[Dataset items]

lemma smooth_measurable: "smooth f \<Longrightarrow> f \<in> borel_measurable lborel"
  using continuous_on_smooth[of f UNIV] borel_measurable_continuous_onI by simp

lemma smooth_upto_add: "smooth_upto n f \<Longrightarrow> smooth_upto n g \<Longrightarrow> smooth_upto n (\<lambda>x. f x + g x)"
proof (induction n arbitrary: f g)
  case 0 then show ?case by (auto simp: smooth_upto_def)
next
  case (Suc n)
  show ?case
  proof (rule smooth_upto_SucI)
    show "((\<lambda>x. f x + g x) has_real_derivative deriv f x + deriv g x) (at x)" for x
      using smooth_upto_SucD(1)[OF Suc.prems(1)] smooth_upto_SucD(1)[OF Suc.prems(2)]
      by (auto intro!: derivative_eq_intros)
    show "smooth_upto n (\<lambda>x. deriv f x + deriv g x)"
      using Suc.IH smooth_upto_SucD(2) Suc.prems by blast
  qed
qed

lemma smooth_upto_cmult: "smooth_upto n f \<Longrightarrow> smooth_upto n (\<lambda>x. c * f x)"
proof (induction n arbitrary: f)
  case 0 then show ?case by (auto simp: smooth_upto_def)
next
  case (Suc n)
  show ?case
  proof (rule smooth_upto_SucI)
    show "((\<lambda>x. c * f x) has_real_derivative c * deriv f x) (at x)" for x
      using smooth_upto_SucD(1)[OF Suc.prems] by (auto intro!: derivative_eq_intros)
    show "smooth_upto n (\<lambda>x. c * deriv f x)"
      using Suc.IH smooth_upto_SucD(2) Suc.prems by blast
  qed
qed

lemma smooth_add: "smooth f \<Longrightarrow> smooth g \<Longrightarrow> smooth (\<lambda>x. f x + g x)"
  by (simp add: smooth_iff_smooth_upto smooth_upto_add)

lemma smooth_cmult: "smooth f \<Longrightarrow> smooth (\<lambda>x. c * f x)"
  by (simp add: smooth_iff_smooth_upto smooth_upto_cmult)

lemma smooth_mult: "smooth f \<Longrightarrow> smooth g \<Longrightarrow> smooth (\<lambda>x. f x * g x)"
  unfolding smooth_iff_smooth_upto[of "\<lambda>x. f x * g x"]
proof
  fix n assume "smooth f" "smooth g"
  then show "smooth_upto n (\<lambda>x. f x * g x)"
  proof (induction n arbitrary: f g)
    case 0 show ?case
      using smooth_has_real_derivative[OF 0(1)] smooth_has_real_derivative[OF 0(2)]
      by (intro smooth_upto_0I) (auto intro!: derivative_eq_intros)
  next
    case (Suc n)
    show ?case
    proof (rule smooth_upto_SucI)
      show "((\<lambda>x. f x * g x) has_real_derivative deriv f x * g x + f x * deriv g x) (at x)" for x
        using smooth_has_real_derivative[OF Suc.prems(1)] smooth_has_real_derivative[OF Suc.prems(2)]
        by (auto intro!: derivative_eq_intros)
      show "smooth_upto n (\<lambda>x. deriv f x * g x + f x * deriv g x)"
        using Suc.IH smooth_deriv Suc.prems by (intro smooth_upto_add) blast+
    qed
  qed
qed

lemma smooth_compose_affine: "smooth f \<Longrightarrow> smooth (\<lambda>x. f (a * x + b))"
  unfolding smooth_iff_smooth_upto[of "\<lambda>x. f (a * x + b)"]
proof
  have chain: "((\<lambda>x. f (a * x + b)) has_real_derivative a * deriv f (a * x + b)) (at x)"
    if "smooth f" for f x
  proof -
    have "((\<lambda>x. a * x + b) has_real_derivative a) (at x)" by (auto intro!: derivative_eq_intros)
    from DERIV_chain2[OF smooth_has_real_derivative[OF that] this] show ?thesis
      by (simp add: mult.commute)
  qed
  fix n assume "smooth f"
  then show "smooth_upto n (\<lambda>x. f (a * x + b))"
  proof (induction n arbitrary: f)
    case 0 show ?case by (rule smooth_upto_0I[OF chain[OF 0]])
  next
    case (Suc n)
    show ?case
      using Suc.IH[OF smooth_deriv[OF Suc.prems]]
      by (intro smooth_upto_SucI[OF chain[OF Suc.prems]] smooth_upto_cmult)
  qed
qed

lemma smooth_divide:
  "smooth f \<Longrightarrow> smooth g \<Longrightarrow> (\<And>x. g x \<noteq> 0) \<Longrightarrow> smooth (\<lambda>x. f x / g x)"
  unfolding smooth_iff_smooth_upto[of "\<lambda>x. f x / g x"]
proof
  have quot: "((\<lambda>x. f x / g x) has_real_derivative
        (deriv f x * g x - f x * deriv g x) / (g x * g x)) (at x)"
    if "smooth f" "smooth g" "\<And>x. g x \<noteq> 0" for f g x
    using that by (intro DERIV_divide smooth_has_real_derivative)
  fix n assume "smooth f" "smooth g" "\<And>x. g x \<noteq> 0"
  then show "smooth_upto n (\<lambda>x. f x / g x)"
  proof (induction n arbitrary: f g)
    case 0 show ?case by (rule smooth_upto_0I[OF quot[OF 0]])
  next
    case (Suc n)
    have "smooth (\<lambda>x. deriv f x * g x - f x * deriv g x)"
      using smooth_add[OF smooth_mult[OF smooth_deriv[OF Suc.prems(1)] Suc.prems(2)]
          smooth_cmult[OF smooth_mult[OF Suc.prems(1) smooth_deriv[OF Suc.prems(2)]], of "- 1"]]
      by simp
    moreover have "smooth (\<lambda>x. g x * g x)" using Suc.prems by (simp add: smooth_mult)
    ultimately show ?case
      using Suc.prems Suc.IH by (intro smooth_upto_SucI[OF quot[OF Suc.prems]]) simp
  qed
qed

section \<open>A smooth step function\<close>

text \<open>The polynomial factor makes the family closed under differentiation.\<close>

definition exp_recip_poly :: "real poly \<Rightarrow> real \<Rightarrow> real" where
  "exp_recip_poly P x = (if 0 < x then poly P (1 / x) * exp (- 1 / x) else 0)"

lemma tendsto_poly_times_exp_neg_at_top:
  fixes P :: "real poly" shows "((\<lambda>t. poly P t * exp (- t)) \<longlongrightarrow> 0) at_top"
proof -
  have "((\<lambda>t. \<Sum>i\<le>degree P. coeff P i * (t ^ i / exp t)) \<longlongrightarrow> (\<Sum>i\<le>degree P. coeff P i * 0)) at_top"
    by (intro tendsto_sum tendsto_mult tendsto_const tendsto_power_div_exp_0)
  moreover have "(\<Sum>i\<le>degree P. coeff P i * (t ^ i / exp t)) = poly P t * exp (- t)" for t
    by (simp add: poly_altdef exp_minus sum_distrib_right divide_inverse mult.assoc)
  ultimately show ?thesis by simp
qed

lemma exp_recip_poly_over_tendsto_0: "((\<lambda>h. exp_recip_poly P h / h) \<longlongrightarrow> 0) (at 0)"
proof (rule filterlim_split_at)
  have "eventually (\<lambda>h. 0 = exp_recip_poly P h / h) (at_left (0::real))"
    by (auto simp: eventually_at_filter exp_recip_poly_def)
  then show "((\<lambda>h. exp_recip_poly P h / h) \<longlongrightarrow> 0) (at_left 0)"
    by (rule tendsto_cong[THEN iffD1]) simp
next
  have "((\<lambda>h. poly (pCons 0 P) (inverse h) * exp (- inverse h)) \<longlongrightarrow> 0) (at_right 0)"
    by (rule filterlim_compose[OF tendsto_poly_times_exp_neg_at_top filterlim_inverse_at_top_right])
  moreover have "eventually (\<lambda>h. poly (pCons 0 P) (inverse h) * exp (- inverse h)
      = exp_recip_poly P h / h) (at_right (0::real))"
    using eventually_at_right_less
    by eventually_elim (simp add: exp_recip_poly_def field_simps)
  ultimately show "((\<lambda>h. exp_recip_poly P h / h) \<longlongrightarrow> 0) (at_right 0)"
    by (rule tendsto_cong[THEN iffD1, rotated])
qed

lemma exp_recip_poly_has_real_derivative:
  "(exp_recip_poly P has_real_derivative exp_recip_poly ([:0, 0, 1:] * (P - pderiv P)) x) (at x)"
proof -
  consider "x > 0" | "x < 0" | "x = 0" by linarith
  then show ?thesis
  proof cases
    case 1
    have inv: "((\<lambda>y. 1 / y) has_real_derivative - 1 / x^2) (at x)"
      using 1 by (auto intro!: derivative_eq_intros simp: power2_eq_square)
    have "((\<lambda>y. exp (- 1 / y)) has_real_derivative exp (- 1 / x) * (1 / x^2)) (at x)"
      using 1 by (auto intro!: derivative_eq_intros simp: power2_eq_square)
    from DERIV_mult[OF DERIV_chain2[OF poly_DERIV inv] this]
    have "((\<lambda>y. poly P (1 / y) * exp (- 1 / y)) has_real_derivative
        poly (pderiv P) (1 / x) * (- 1 / x^2) * exp (- 1 / x) + exp (- 1 / x) * (1 / x^2) * poly P (1 / x)) (at x)" .
    moreover have "poly (pderiv P) (1 / x) * (- 1 / x^2) * exp (- 1 / x) + exp (- 1 / x) * (1 / x^2) * poly P (1 / x)
        = exp_recip_poly ([:0, 0, 1:] * (P - pderiv P)) x"
      using 1 by (simp add: exp_recip_poly_def algebra_simps power2_eq_square)
    ultimately show ?thesis
      by (metis (no_types, lifting) has_field_derivative_transform_within_open[of _ _ _ "{0<..}"]
            1 open_greaterThan greaterThan_iff exp_recip_poly_def)
  next
    case 2
    have "((\<lambda>y. 0) has_real_derivative exp_recip_poly ([:0, 0, 1:] * (P - pderiv P)) x) (at x)"
      using 2 by (simp add: exp_recip_poly_def)
    then show ?thesis
      by (rule has_field_derivative_transform_within_open[of _ _ _ "{..<0}"])
         (use 2 in \<open>auto simp: exp_recip_poly_def\<close>)
  next
    case 3
    then show ?thesis
      using exp_recip_poly_over_tendsto_0[of P]
      by (simp add: has_field_derivative_iff exp_recip_poly_def)
  qed
qed

lemma smooth_exp_recip_poly: "smooth (exp_recip_poly P)"
proof -
  have "smooth_upto n (exp_recip_poly P)" for n
    by (induction n arbitrary: P)
       (auto intro: smooth_upto_0I smooth_upto_SucI exp_recip_poly_has_real_derivative)
  then show ?thesis by (simp add: smooth_iff_smooth_upto)
qed

definition smooth_step :: "real \<Rightarrow> real" where
  "smooth_step t = exp_recip_poly 1 t / (exp_recip_poly 1 t + exp_recip_poly 1 (1 - t))"

lemma smooth_step_denominator_pos: "exp_recip_poly 1 t + exp_recip_poly 1 (1 - t) > 0"
  by (cases "t > 0") (auto simp: exp_recip_poly_def add_pos_nonneg add_nonneg_pos)

lemma smooth_smooth_step: "smooth smooth_step"
proof -
  have "smooth (\<lambda>t. exp_recip_poly 1 ((- 1) * t + 1))"
    by (rule smooth_compose_affine[OF smooth_exp_recip_poly])
  then have "smooth (\<lambda>t. exp_recip_poly 1 t + exp_recip_poly 1 (1 - t))"
    by (simp add: smooth_add smooth_exp_recip_poly)
  then show ?thesis
    unfolding smooth_step_def[abs_def] using smooth_step_denominator_pos
    by (intro smooth_divide[OF smooth_exp_recip_poly]) (auto simp: less_le)
qed

lemma smooth_step_eq_0: "t \<le> 0 \<Longrightarrow> smooth_step t = 0"
  by (simp add: smooth_step_def exp_recip_poly_def)

lemma smooth_step_eq_1: "1 \<le> t \<Longrightarrow> smooth_step t = 1"
  using smooth_step_denominator_pos[of t] by (simp add: smooth_step_def exp_recip_poly_def)

lemma smooth_step_bounds: "0 \<le> smooth_step t" "smooth_step t \<le> 1"
  using smooth_step_denominator_pos[of t]
  by (auto simp: smooth_step_def exp_recip_poly_def divide_simps)

section \<open>Test functions and the fundamental lemma of the calculus of variations\<close>

lemma test_fun_smooth: "test_fun \<phi> \<Longrightarrow> smooth \<phi>"
  unfolding test_fun_def smooth_def by blast

lemma test_funI: "smooth \<phi> \<Longrightarrow> (\<And>x. \<bar>x\<bar> > R \<Longrightarrow> \<phi> x = 0) \<Longrightarrow> test_fun \<phi>"
  unfolding test_fun_def smooth_def by blast

lemma test_fun_support:
  assumes "test_fun \<phi>"
  obtains R where "R \<ge> 0" "\<And>x. \<bar>x\<bar> > R \<Longrightarrow> \<phi> x = 0"
proof -
  obtain R where "\<And>x. \<bar>x\<bar> > R \<Longrightarrow> \<phi> x = 0" using assms unfolding test_fun_def by blast
  then show ?thesis by (intro that[of "\<bar>R\<bar>"]) auto
qed

lemma test_fun_bounded:
  assumes "test_fun \<phi>"
  obtains B where "\<And>x. \<bar>\<phi> x\<bar> \<le> B"
proof -
  obtain R where R: "\<And>x. \<bar>x\<bar> > R \<Longrightarrow> \<phi> x = 0" using test_fun_support[OF assms] by blast
  obtain B where B: "B \<ge> 0" "\<And>x. x \<in> {-R..R} \<Longrightarrow> \<bar>\<phi> x\<bar> \<le> B"
    using continuous_on_compact_bound[of "{-R..R}" \<phi>] continuous_on_smooth[OF test_fun_smooth[OF assms]]
    by auto
  have "\<bar>\<phi> x\<bar> \<le> B" for x
  proof (cases "\<bar>x\<bar> > R")
    case False then have "x \<in> {-R..R}" by auto
    then show ?thesis using B(2) by blast
  qed (simp add: R B(1))
  then show ?thesis by (rule that)
qed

*WHAT THIS TASK INVOLVES:* Please give an exact copy of the entries above, from the line with "(- t)) \<longlongrightarrow>" down to the line with "h) \<longlongrightarrow> 0) (at_left", inclusive, and nothing else.

*RESPONSE TO THE EXERCISE:*
  fixes P :: "real poly" shows "((\<lambda>t. poly P t * exp (- t)) \<longlongrightarrow> 0) at_top"
proof -
  have "((\<lambda>t. \<Sum>i\<le>degree P. coeff P i * (t ^ i / exp t)) \<longlongrightarrow> (\<Sum>i\<le>degree P. coeff P i * 0)) at_top"
    by (intro tendsto_sum tendsto_mult tendsto_const tendsto_power_div_exp_0)
  moreover have "(\<Sum>i\<le>degree P. coeff P i * (t ^ i / exp t)) = poly P t * exp (- t)" for t
    by (simp add: poly_altdef exp_minus sum_distrib_right divide_inverse mult.assoc)
  ultimately show ?thesis by simp
qed

lemma exp_recip_poly_over_tendsto_0: "((\<lambda>h. exp_recip_poly P h / h) \<longlongrightarrow> 0) (at 0)"
proof (rule filterlim_split_at)
  have "eventually (\<lambda>h. 0 = exp_recip_poly P h / h) (at_left (0::real))"
    by (auto simp: eventually_at_filter exp_recip_poly_def)
  then show "((\<lambda>h. exp_recip_poly P h / h) \<longlongrightarrow> 0) (at_left 0)"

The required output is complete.